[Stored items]
☆ ☆ ☆ ☆ ☆

lemma convex_coordinate_hyperplane: "convex {q::real^'n. q$i = (c::real)}"
proof -
  have "{q::real^'n. q$i = c} = {q. axis i 1 \<bullet> q = c}"
    by (simp add: cart_eq_inner_axis inner_commute)
  then show ?thesis by (simp add: convex_hyperplane)
qed

lemma convex_coordinate_sum_ge: "convex {q::real^'n. b \<le> (\<Sum>g\<in>UNIV. q$g)}"
  using convex_halfspace_ge[of b "1::real^'n"] by (simp add: inner_vec_def)

section \<open>The master corner polyhedron\<close>

lemma unit_at_nth [simp]: "unit_at g $ h = (if h = g then 1 else 0)"
  by (simp add: unit_at_def)

definition lower_part :: "'a::{ab_group_add,finite} \<Rightarrow> (real^'a::{ab_group_add,finite}) set" where
  "lower_part g0 = master_corner g0 \<inter> {q. q $ g0 = 0}"

definition upper_part :: "'a::{ab_group_add,finite} \<Rightarrow> (real^'a::{ab_group_add,finite}) set" where
  "upper_part g0 = master_corner g0 \<inter> {q. \<forall>g. unit_at g0 $ g \<le> q $ g}"

context
  fixes g0 :: "'a::{ab_group_add,finite}"
  assumes g0: "g0 \<noteq> 0"
begin

lemma corner_pointsD:
  assumes "t \<in> corner_points g0"
  shows "t$0 = 0" "t$g \<in> \<nat>" "0 \<le> t$g"
    "(\<Sum>g\<in>UNIV - {0}. natmul (nat \<lfloor>t $ g\<rfloor>) g) = g0"
proof -
  show "t$0 = 0" "t$g \<in> \<nat>" "(\<Sum>g\<in>UNIV - {0}. natmul (nat \<lfloor>t $ g\<rfloor>) g) = g0"
    using assms by (auto simp: corner_points_def)
  then show "0 \<le> t$g" by (auto elim: Nats_cases)
qed

lemma corner_points_nonzero: "t \<in> corner_points g0 \<Longrightarrow> t \<noteq> 0"
  using corner_pointsD(4)[of t] g0 by auto

lemma corner_points_coord_ge_1:
  assumes "t \<in> corner_points g0" "t$g \<noteq> 0"
  shows "1 \<le> t$g"
  using corner_pointsD(2)[OF assms(1), of g] assms(2) by (auto elim: Nats_cases)

lemma unit_at_corner_point: "unit_at g0 \<in> corner_points g0"
proof -
  have "(\<Sum>g\<in>UNIV - {0}. natmul (nat \<lfloor>unit_at g0 $ g\<rfloor>) g)
      = (\<Sum>g\<in>UNIV - {0}. if g = g0 then g0 else 0)"
    by (rule sum.cong) auto
  also have "\<dots> = g0" using g0 by simp
  finally show ?thesis using g0 by (auto simp: corner_points_def)
qed

lemma unit_at_master_corner: "unit_at g0 \<in> master_corner g0"
  using unit_at_corner_point unfolding master_corner_def by (simp add: hull_inc)

lemma convex_master_corner: "convex (master_corner g0)"
  unfolding master_corner_def by simp

lemma corner_points_shift:
  assumes t: "t \<in> corner_points g0" and g: "g \<noteq> 0" and m: "natmul m g = 0"
  shows "t + real m *\<^sub>R unit_at g \<in> corner_points g0"
proof -
  let ?t' = "t + real m *\<^sub>R unit_at g"
  obtain n where n: "t$g = real n" using corner_pointsD(2)[OF t, of g] by (auto elim: Nats_cases)
  have "natmul (nat \<lfloor>?t' $ h\<rfloor>) h = natmul (nat \<lfloor>t $ h\<rfloor>) h" for h
  proof (cases "h = g")
    case True
    then have "?t' $ h = real (n + m)" using n by simp
    then have "nat \<lfloor>?t' $ h\<rfloor> = n + m" by (simp only: floor_of_nat nat_int)
    then show ?thesis using True n m by (simp add: natmul_add)
  qed simp
  then have "(\<Sum>h\<in>UNIV - {0}. natmul (nat \<lfloor>?t' $ h\<rfloor>) h) = g0"
    using corner_pointsD(4)[OF t] by simp
  moreover have "?t' $ h \<in> \<nat>" for h
    using corner_pointsD(2)[OF t, of h] by (auto intro: Nats_add)
  ultimately show ?thesis using corner_pointsD(1)[OF t] g
    unfolding corner_points_def by auto
qed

☆ ☆ ☆ ☆ ☆

• Goal of the exercise:
Restate the records exactly. Leave nothing out.

• Response below:
lemma convex_coordinate_hyperplane: "convex {q::real^'n. q$i = (c::real)}"
proof -
  have "{q::real^'n. q$i = c} = {q. axis i 1 \<bullet> q = c}"
    by (simp add: cart_eq_inner_axis inner_commute)
  then show ?thesis by (simp add: convex_hyperplane)
qed

lemma convex_coordinate_sum_ge: "convex {q::real^'n. b \<le> (\<Sum>g\<in>UNIV. q$g)}"
  using convex_halfspace_ge[of b "1::real^'n"] by (simp add: inner_vec_def)

section \<open>The master corner polyhedron\<close>

lemma unit_at_nth [simp]: "unit_at g $ h = (if h = g then 1 else 0)"
  by (simp add: unit_at_def)

definition lower_part :: "'a::{ab_group_add,finite} \<Rightarrow> (real^'a::{ab_group_add,finite}) set" where
  "lower_part g0 = master_corner g0 \<inter> {q. q $ g0 = 0}"

definition upper_part :: "'a::{ab_group_add,finite} \<Rightarrow> (real^'a::{ab_group_add,finite}) set" where
  "upper_part g0 = master_corner g0 \<inter> {q. \<forall>g. unit_at g0 $ g \<le> q $ g}"

context
  fixes g0 :: "'a::{ab_group_add,finite}"
  assumes g0: "g0 \<noteq> 0"
begin

lemma corner_pointsD:
  assumes "t \<in> corner_points g0"
  shows "t$0 = 0" "t$g \<in> \<nat>" "0 \<le> t$g"
    "(\<Sum>g\<in>UNIV - {0}. natmul (nat \<lfloor>t $ g\<rfloor>) g) = g0"
proof -
  show "t$0 = 0" "t$g \<in> \<nat>" "(\<Sum>g\<in>UNIV - {0}. natmul (nat \<lfloor>t $ g\<rfloor>) g) = g0"
    using assms by (auto simp: corner_points_def)
  then show "0 \<le> t$g" by (auto elim: Nats_cases)
qed

lemma corner_points_nonzero: "t \<in> corner_points g0 \<Longrightarrow> t \<noteq> 0"
  using corner_pointsD(4)[of t] g0 by auto

lemma corner_points_coord_ge_1:
  assumes "t \<in> corner_points g0" "t$g \<noteq> 0"
  shows "1 \<le> t$g"
  using corner_pointsD(2)[OF assms(1), of g] assms(2) by (auto elim: Nats_cases)

lemma unit_at_corner_point: "unit_at g0 \<in> corner_points g0"
proof -
  have "(\<Sum>g\<in>UNIV - {0}. natmul (nat \<lfloor>unit_at g0 $ g\<rfloor>) g)
      = (\<Sum>g\<in>UNIV - {0}. if g = g0 then g0 else 0)"
    by (rule sum.cong) auto
  also have "\<dots> = g0" using g0 by simp
  finally show ?thesis using g0 by (auto simp: corner_points_def)
qed

lemma unit_at_master_corner: "unit_at g0 \<in> master_corner g0"
  using unit_at_corner_point unfolding master_corner_def by (simp add: hull_inc)

lemma convex_master_corner: "convex (master_corner g0)"
  unfolding master_corner_def by simp

lemma corner_points_shift:
  assumes t: "t \<in> corner_points g0" and g: "g \<noteq> 0" and m: "natmul m g = 0"
  shows "t + real m *\<^sub>R unit_at g \<in> corner_points g0"
proof -
  let ?t' = "t + real m *\<^sub>R unit_at g"
  obtain n where n: "t$g = real n" using corner_pointsD(2)[OF t, of g] by (auto elim: Nats_cases)
  have "natmul (nat \<lfloor>?t' $ h\<rfloor>) h = natmul (nat \<lfloor>t $ h\<rfloor>) h" for h
  proof (cases "h = g")
    case True
    then have "?t' $ h = real (n + m)" using n by simp
    then have "nat \<lfloor>?t' $ h\<rfloor> = n + m" by (simp only: floor_of_nat nat_int)
    then show ?thesis using True n m by (simp add: natmul_add)
  qed simp
  then have "(\<Sum>h\<in>UNIV - {0}. natmul (nat \<lfloor>?t' $ h\<rfloor>) h) = g0"
    using corner_pointsD(4)[OF t] by simp
  moreover have "?t' $ h \<in> \<nat>" for h
    using corner_pointsD(2)[OF t, of h] by (auto intro: Nats_add)
  ultimately show ?thesis using corner_pointsD(1)[OF t] g
    unfolding corner_points_def by auto
qed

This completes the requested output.